| PROBLEM |
Identify all lines of the data containing the string "that" and copy them.

(Stored data)

......

(* Let $k\ge 1$ and $\ast\in\{\Box,\circ\}$. Let $\mathcal M^\ast_{2k+1,0}\subseteq \mathcal M^\ast_{2k+1}$ be the set of those colorings whose central square $k+1$ is land. Then the map $\mathrm{red}\circ\mathrm{contr}$ is a bijection $\mathcal M^\ast_{2k+1,0}\to\mathcal N_k$.
   Context: Colorings. Each square of a square-tiled surface is colored water or land. Two distinct squares are adjacent if they share an edge after all edge identifications; a set of squares is connected if its induced adjacency graph is connected (empty set counts as connected). (N1): the water is connected. For an interior (non-boundary) vertex $v$, its square-degree is the number of distinct squares having $v$ as a corner. (N2$\Box$): no interior vertex of square-degree $4$ has all incident squares water. (N2$\circ$): no interior vertex of any square-degree has all incident squares water. A $2\times k$ Nurikabe rectangle is a coloring of the $2\times k$ grid (no identifications) with connected water and no $2\times 2$ block of water squares; $\mathcal N_k$ is the set of these. Tile $[0,n]\times[0,1]$ by unit squares $[j-1,j]\times[0,1]$, called square $j$. The $1\times n$ Möbius strip identifies $(x,1)\sim(n-x,0)$ for $x\in[0,n]$ (top edge of square $j$ glued to bottom edge of square $n+1-j$); its boundary is the image of the vertical sides. $\mathcal M^\ast_n$ is the set of colorings of the $1\times n$ Möbius strip satisfying (N1) and (N2$\ast$). Contraction: for a coloring of the $1\times(2k+1)$ Möbius strip, $\mathrm{contr}$ gives the coloring of the $1\times 2k$ Möbius strip obtained by deleting square $k+1$, with square $j\le k$ keeping position $j$ and square $j\ge k+2$ moving to position $j-1$. Rectangular reduction: for a coloring of the $1\times 2k$ Möbius strip, $\mathrm{red}$ gives the coloring of the $2\times k$ grid whose column $j$ ($1\le j\le k$) has top square colored as square $j$ and bottom square colored as square $2k+1-j$. *)

theory Defs
  imports Main
begin

text \<open>A coloring is represented by its set of water squares.\<close>

definition sq_connected :: "('a \<Rightarrow> 'a \<Rightarrow> bool) \<Rightarrow> 'a set \<Rightarrow> bool" where
  "sq_connected adj S \<longleftrightarrow>
     (\<forall>a\<in>S. \<forall>b\<in>S. (a, b) \<in> {(x, y). x \<in> S \<and> y \<in> S \<and> adj x y}\<^sup>*)"

datatype rule_kind = Box | Circ

text \<open>Squares 1..n of the 1 x n Moebius strip; j and j+1 share a vertical edge,
  top of j is glued to bottom of n+1-j.\<close>
definition mob_adj :: "nat \<Rightarrow> nat \<Rightarrow> nat \<Rightarrow> bool" where
  "mob_adj n i j \<longleftrightarrow> i \<in> {1..n} \<and> j \<in> {1..n} \<and> i \<noteq> j \<and>
     (i + 1 = j \<or> j + 1 = i \<or> i + j = n + 1)"

text \<open>Interior vertices are the classes {(x,0),(n-x,1)} for 1 <= x <= n-1;
  the squares incident to such a vertex:\<close>
definition mob_vsq :: "nat \<Rightarrow> nat \<Rightarrow> nat set" where
  "mob_vsq n x = {x, x + 1, n - x, n + 1 - x}"

definition mob_N2 :: "rule_kind \<Rightarrow> nat \<Rightarrow> nat set \<Rightarrow> bool" where
  "mob_N2 s n W \<longleftrightarrow> (\<forall>x\<in>{1..n-1}.
     (s = Circ \<or> card (mob_vsq n x) = 4) \<longrightarrow> \<not> mob_vsq n x \<subseteq> W)"

definition Mob :: "rule_kind \<Rightarrow> nat \<Rightarrow> nat set set" where
  "Mob s n = {W. W \<subseteq> {1..n} \<and> sq_connected (mob_adj n) W \<and> mob_N2 s n W}"

text \<open>2 x k grid: square (j,r), column j in 1..k, row r in {1,2} (1 = top).\<close>
definition grid_adj :: "nat \<Rightarrow> nat \<times> nat \<Rightarrow> nat \<times> nat \<Rightarrow> bool" where
  "grid_adj k p q \<longleftrightarrow> p \<in> {1..k} \<times> {1,2} \<and> q \<in> {1..k} \<times> {1,2} \<and>
     ((fst p = fst q \<and> snd p \<noteq> snd q) \<or>
      (snd p = snd q \<and> (fst p + 1 = fst q \<or> fst q + 1 = fst p)))"

definition Nurikabe :: "nat \<Rightarrow> (nat \<times> nat) set set" where
  "Nurikabe k = {W. W \<subseteq> {1..k} \<times> {1,2} \<and> sq_connected (grid_adj k) W \<and>
     \<not> (\<exists>j\<in>{1..<k}. {(j,1),(j,2),(j+1,1),(j+1,2)} \<subseteq> W)}"

definition contr :: "nat \<Rightarrow> nat set \<Rightarrow> nat set" where
  "contr k W = {j \<in> W. j \<le> k} \<union> {j - 1 | j. j \<in> W \<and> k + 2 \<le> j}"

definition red :: "nat \<Rightarrow> nat set \<Rightarrow> (nat \<times> nat) set" where
  "red k W = {(j, 1) | j. j \<in> {1..k} \<and> j \<in> W} \<union>
             {(j, 2) | j. j \<in> {1..k} \<and> 2 * k + 1 - j \<in> W}"

end

theory Submission
  imports Defs
begin

text \<open>Away from the central square \<open>k + 1\<close>, the map sending square \<open>i \<le> k\<close> of the
  \<open>1 \<times> (2k+1)\<close> Moebius strip to the top cell of column \<open>i\<close> and square \<open>i \<ge> k + 2\<close> to the
  bottom cell of column \<open>2k + 2 - i\<close> is a bijection onto the cells of the \<open>2 \<times> k\<close> grid, and
  \<open>red \<circ> contr\<close> is just the induced map on sets of water squares. This bijection is a graph
  isomorphism between the two adjacency relations, so it preserves connectedness of the water,
  and it carries the four squares around each interior vertex of the strip not touching the
  central square onto a \<open>2 \<times> 2\<close> block of the grid. The two vertices touching the central square
  are the only ones with fewer than four incident squares, and they can never be surrounded by
  water because the central square is land; hence both rules (N2) become the Nurikabe rule.\<close>

definition grid_square :: "nat \<Rightarrow> nat \<Rightarrow> nat \<times> nat" where
  "grid_square k i = (if i \<le> k then (i, 1) else (2 * k + 2 - i, 2))"

lemma sq_connected_image:
  assumes "sq_connected adj S"
    and "\<And>a b. a \<in> S \<Longrightarrow> b \<in> S \<Longrightarrow> adj a b \<Longrightarrow> adj' (f a) (f b)"
  shows "sq_connected adj' (f ` S)"
  unfolding sq_connected_def
proof (intro ballI)
  fix x y assume "x \<in> f ` S" "y \<in> f ` S"
  then obtain a b where ab: "a \<in> S" "b \<in> S" "x = f a" "y = f b" by auto
  have "(a, b) \<in> {(x, y). x \<in> S \<and> y \<in> S \<and> adj x y}\<^sup>*"
    using assms(1) ab unfolding sq_connected_def by blast
  then have "(f a, f b) \<in> {(x, y). x \<in> f ` S \<and> y \<in> f ` S \<and> adj' x y}\<^sup>*"
  proof (induction rule: rtrancl_induct)
    case base
    show ?case by simp
  next
    case (step y z)
    then show ?case using assms(2) by (auto intro: rtrancl_into_rtrancl)
  qed
  then show "(x, y) \<in> {(x, y). x \<in> f ` S \<and> y \<in> f ` S \<and> adj' x y}\<^sup>*"
    using ab by simp
qed

lemma sq_connected_image_iff:
  assumes "inj_on f S"
    and "\<And>a b. a \<in> S \<Longrightarrow> b \<in> S \<Longrightarrow> adj' (f a) (f b) \<longleftrightarrow> adj a b"
  shows "sq_connected adj' (f ` S) \<longleftrightarrow> sq_connected adj S"
proof
  assume "sq_connected adj' (f ` S)"
  then have "sq_connected adj (inv_into S f ` f ` S)"
    by (rule sq_connected_image) (use assms in \<open>auto simp: inv_into_into inv_into_f_f\<close>)
  then show "sq_connected adj S"
    using assms(1) by simp
next
  assume "sq_connected adj S"
  then show "sq_connected adj' (f ` S)"
    by (rule sq_connected_image) (use assms(2) in blast)
qed

lemma inj_on_image_subset_iff:
  "inj_on f C \<Longrightarrow> A \<subseteq> C \<Longrightarrow> B \<subseteq> C \<Longrightarrow> f ` A \<subseteq> f ` B \<longleftrightarrow> A \<subseteq> B"
  by (blast dest: inj_onD)

lemma bij_betw_restrict_to_preimage:
  assumes "bij_betw f A B" and "C \<subseteq> B"
  shows "bij_betw f {x \<in> A. f x \<in> C} C"
proof (rule bij_betw_subset[OF assms(1)])
  show "f ` {x \<in> A. f x \<in> C} = C"
    using assms by (force simp: bij_betw_def)
qed auto

lemma bij_betw_grid_square:
  "bij_betw (grid_square k) ({1..2 * k + 1} - {k + 1}) ({1..k} \<times> {1, 2})"
proof (rule bij_betw_imageI)
  show "inj_on (grid_square k) ({1..2 * k + 1} - {k + 1})"
    by (rule inj_onI) (auto simp: grid_square_def split: if_splits)
  show "grid_square k ` ({1..2 * k + 1} - {k + 1}) = {1..k} \<times> {1, 2}"
  proof (intro equalityI subsetI)
    fix p assume "p \<in> {1..k} \<times> {1::nat, 2}"
    then obtain j r where "p = (j, r)" "j \<in> {1..k}" "r = 1 \<or> r = 2" by auto
    then have "p = grid_square k (if r = 1 then j else 2 * k + 2 - j)"
      by (auto simp: grid_square_def)
    moreover have "(if r = 1 then j else 2 * k + 2 - j) \<in> {1..2 * k + 1} - {k + 1}"
      using \<open>j \<in> {1..k}\<close> by auto
    ultimately show "p \<in> grid_square k ` ({1..2 * k + 1} - {k + 1})" by blast
  qed (auto simp: grid_square_def)
qed

lemma red_contr_eq_image_grid_square:
  assumes "W \<subseteq> {1..2 * k + 1} - {k + 1}"
  shows "red k (contr k W) = grid_square k ` W"
proof (intro set_eqI iffI)
  fix p assume "p \<in> red k (contr k W)"
  then consider j where "p = (j, 1)" "j \<in> {1..k}" "j \<in> W"
    | j where "p = (j, 2)" "j \<in> {1..k}" "2 * k + 2 - j \<in> W"
    unfolding red_def contr_def by (auto simp: Suc_diff_le)
  then show "p \<in> grid_square k ` W"
  proof cases
    case 1
    then show ?thesis by (force simp: grid_square_def)
  next
    case (2 j)
    then have "p = grid_square k (2 * k + 2 - j)" by (auto simp: grid_square_def)
    then show ?thesis using 2 by blast
  qed
next
  fix p assume "p \<in> grid_square k ` W"
  then obtain i where "i \<in> W" "p = grid_square k i" by blast
  moreover have "i \<in> {1..2 * k + 1} - {k + 1}" using \<open>i \<in> W\<close> assms by blast
  ultimately show "p \<in> red k (contr k W)"
    unfolding red_def contr_def grid_square_def
    by (cases "i \<le> k") (auto intro!: exI[of _ i])
qed

lemma grid_adj_grid_square_iff:
  assumes "a \<in> {1..2 * k + 1} - {k + 1}" and "b \<in> {1..2 * k + 1} - {k + 1}"
  shows "grid_adj k (grid_square k a) (grid_square k b) \<longleftrightarrow> mob_adj (2 * k + 1) a b"
  using assms by (auto simp: grid_adj_def mob_adj_def grid_square_def)

lemma mob_vsq_reflect: "x \<le> n \<Longrightarrow> mob_vsq n (n - x) = mob_vsq n x"
  by (auto simp: mob_vsq_def)

lemma card_mob_vsq: "1 \<le> j \<Longrightarrow> j < k \<Longrightarrow> card (mob_vsq (2 * k + 1) j) = 4"
  unfolding mob_vsq_def by (simp add: card_insert_if) (intro conjI impI; linarith)

lemma image_grid_square_mob_vsq:
  "1 \<le> j \<Longrightarrow> j < k \<Longrightarrow>
    grid_square k ` mob_vsq (2 * k + 1) j = {(j, 1), (j, 2), (j + 1, 1), (j + 1, 2)}"
  by (auto simp: mob_vsq_def grid_square_def)

lemma mob_N2_iff_low_vertices:
  assumes "W \<subseteq> {1..2 * k + 1} - {k + 1}"
  shows "mob_N2 s (2 * k + 1) W \<longleftrightarrow> (\<forall>j\<in>{1..<k}. \<not> mob_vsq (2 * k + 1) j \<subseteq> W)"
proof
  assume N2: "mob_N2 s (2 * k + 1) W"
  show "\<forall>j\<in>{1..<k}. \<not> mob_vsq (2 * k + 1) j \<subseteq> W"
  proof
    fix j assume j: "j \<in> {1..<k}"
    then have "card (mob_vsq (2 * k + 1) j) = 4" "j \<in> {1..2 * k + 1 - 1}"
      using card_mob_vsq[of j k] by auto
    then show "\<not> mob_vsq (2 * k + 1) j \<subseteq> W"
      using N2 unfolding mob_N2_def by blast
  qed
next
  assume low: "\<forall>j\<in>{1..<k}. \<not> mob_vsq (2 * k + 1) j \<subseteq> W"
  have "\<not> mob_vsq (2 * k + 1) x \<subseteq> W" if "x \<in> {1..2 * k}" for x
  proof -
    consider "x = k \<or> x = k + 1" | "x < k" | "k + 1 < x" by linarith
    then show ?thesis
    proof cases
      case 1
      then have "k + 1 \<in> mob_vsq (2 * k + 1) x" by (auto simp: mob_vsq_def)
      then show ?thesis using assms by blast
    next
      case 2
      then show ?thesis using low that by auto
    next
      case 3
      then have "mob_vsq (2 * k + 1) x = mob_vsq (2 * k + 1) (2 * k + 1 - x)"
        using that by (simp add: mob_vsq_reflect)
      moreover have "2 * k + 1 - x \<in> {1..<k}" using 3 that by auto
      ultimately show ?thesis using low by metis
    qed
  qed
  then show "mob_N2 s (2 * k + 1) W" by (simp add: mob_N2_def)
qed

lemma mob_N2_iff_no_water_block:
  assumes "W \<subseteq> {1..2 * k + 1} - {k + 1}"
  shows "mob_N2 s (2 * k + 1) W \<longleftrightarrow>
    \<not> (\<exists>j\<in>{1..<k}. {(j, 1), (j, 2), (j + 1, 1), (j + 1, 2)} \<subseteq> grid_square k ` W)"
proof -
  have inj: "inj_on (grid_square k) ({1..2 * k + 1} - {k + 1})"
    using bij_betw_grid_square bij_betw_imp_inj_on by blast
  have block: "mob_vsq (2 * k + 1) j \<subseteq> W \<longleftrightarrow>
      {(j, 1), (j, 2), (j + 1, 1), (j + 1, 2)} \<subseteq> grid_square k ` W"
    if "j \<in> {1..<k}" for j
  proof -
    have "mob_vsq (2 * k + 1) j \<subseteq> {1..2 * k + 1} - {k + 1}"
      using that by (auto simp: mob_vsq_def)
    then have "mob_vsq (2 * k + 1) j \<subseteq> W \<longleftrightarrow>
        grid_square k ` mob_vsq (2 * k + 1) j \<subseteq> grid_square k ` W"
      using inj assms by (simp add: inj_on_image_subset_iff)
    also have "grid_square k ` mob_vsq (2 * k + 1) j = {(j, 1), (j, 2), (j + 1, 1), (j + 1, 2)}"
      using that image_grid_square_mob_vsq[of j k] by simp
    finally show ?thesis .
  qed
  show ?thesis
    unfolding mob_N2_iff_low_vertices[OF assms] using block by blast
qed

lemma Mob_central_land_eq:
  "{W \<in> Mob s (2 * k + 1). k + 1 \<notin> W} =
    {W \<in> Pow ({1..2 * k + 1} - {k + 1}). grid_square k ` W \<in> Nurikabe k}"
proof -
  let ?A = "{1..2 * k + 1} - {k + 1}"
  have "W \<in> Mob s (2 * k + 1) \<and> k + 1 \<notin> W \<longleftrightarrow> W \<subseteq> ?A \<and> grid_square k ` W \<in> Nurikabe k"
    for W
  proof (cases "W \<subseteq> ?A")
    case True
    have "inj_on (grid_square k) W" "grid_square k ` W \<subseteq> {1..k} \<times> {1, 2}"
      using bij_betw_grid_square True by (auto simp: bij_betw_def intro: inj_on_subset)
    moreover have "sq_connected (grid_adj k) (grid_square k ` W) \<longleftrightarrow>
        sq_connected (mob_adj (2 * k + 1)) W"
      by (rule sq_connected_image_iff[OF \<open>inj_on (grid_square k) W\<close>])
        (use True grid_adj_grid_square_iff in blast)
    moreover note mob_N2_iff_no_water_block[OF True, of s]
    ultimately show ?thesis
      using True unfolding Mob_def Nurikabe_def mem_Collect_eq by blast
  next
    case False
    then show ?thesis by (auto simp: Mob_def)
  qed
  then show ?thesis by auto
qed

theorem lemma2p4:
  fixes k :: nat and s :: rule_kind
  assumes "k \<ge> 1"
  shows "bij_betw (red k \<circ> contr k) {W \<in> Mob s (2 * k + 1). k + 1 \<notin> W} (Nurikabe k)"
proof -
  have "bij_betw (image (grid_square k))
      {W \<in> Pow ({1..2 * k + 1} - {k + 1}). grid_square k ` W \<in> Nurikabe k} (Nurikabe k)"
    by (rule bij_betw_restrict_to_preimage[OF bij_betw_Pow[OF bij_betw_grid_square]])
      (auto simp: Nurikabe_def)
  then show ?thesis
    unfolding Mob_central_land_eq
    by (rule bij_betw_cong[THEN iffD1, rotated]) (simp add: red_contr_eq_image_grid_square)
qed

end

......

| WRITTEN RESPONSE |
      then show ?thesis using low that by auto
        using that by (simp add: mob_vsq_reflect)
      moreover have "2 * k + 1 - x \<in> {1..<k}" using 3 that by auto
      using that by (auto simp: mob_vsq_def)
      using that image_grid_square_mob_vsq[of j k] by simp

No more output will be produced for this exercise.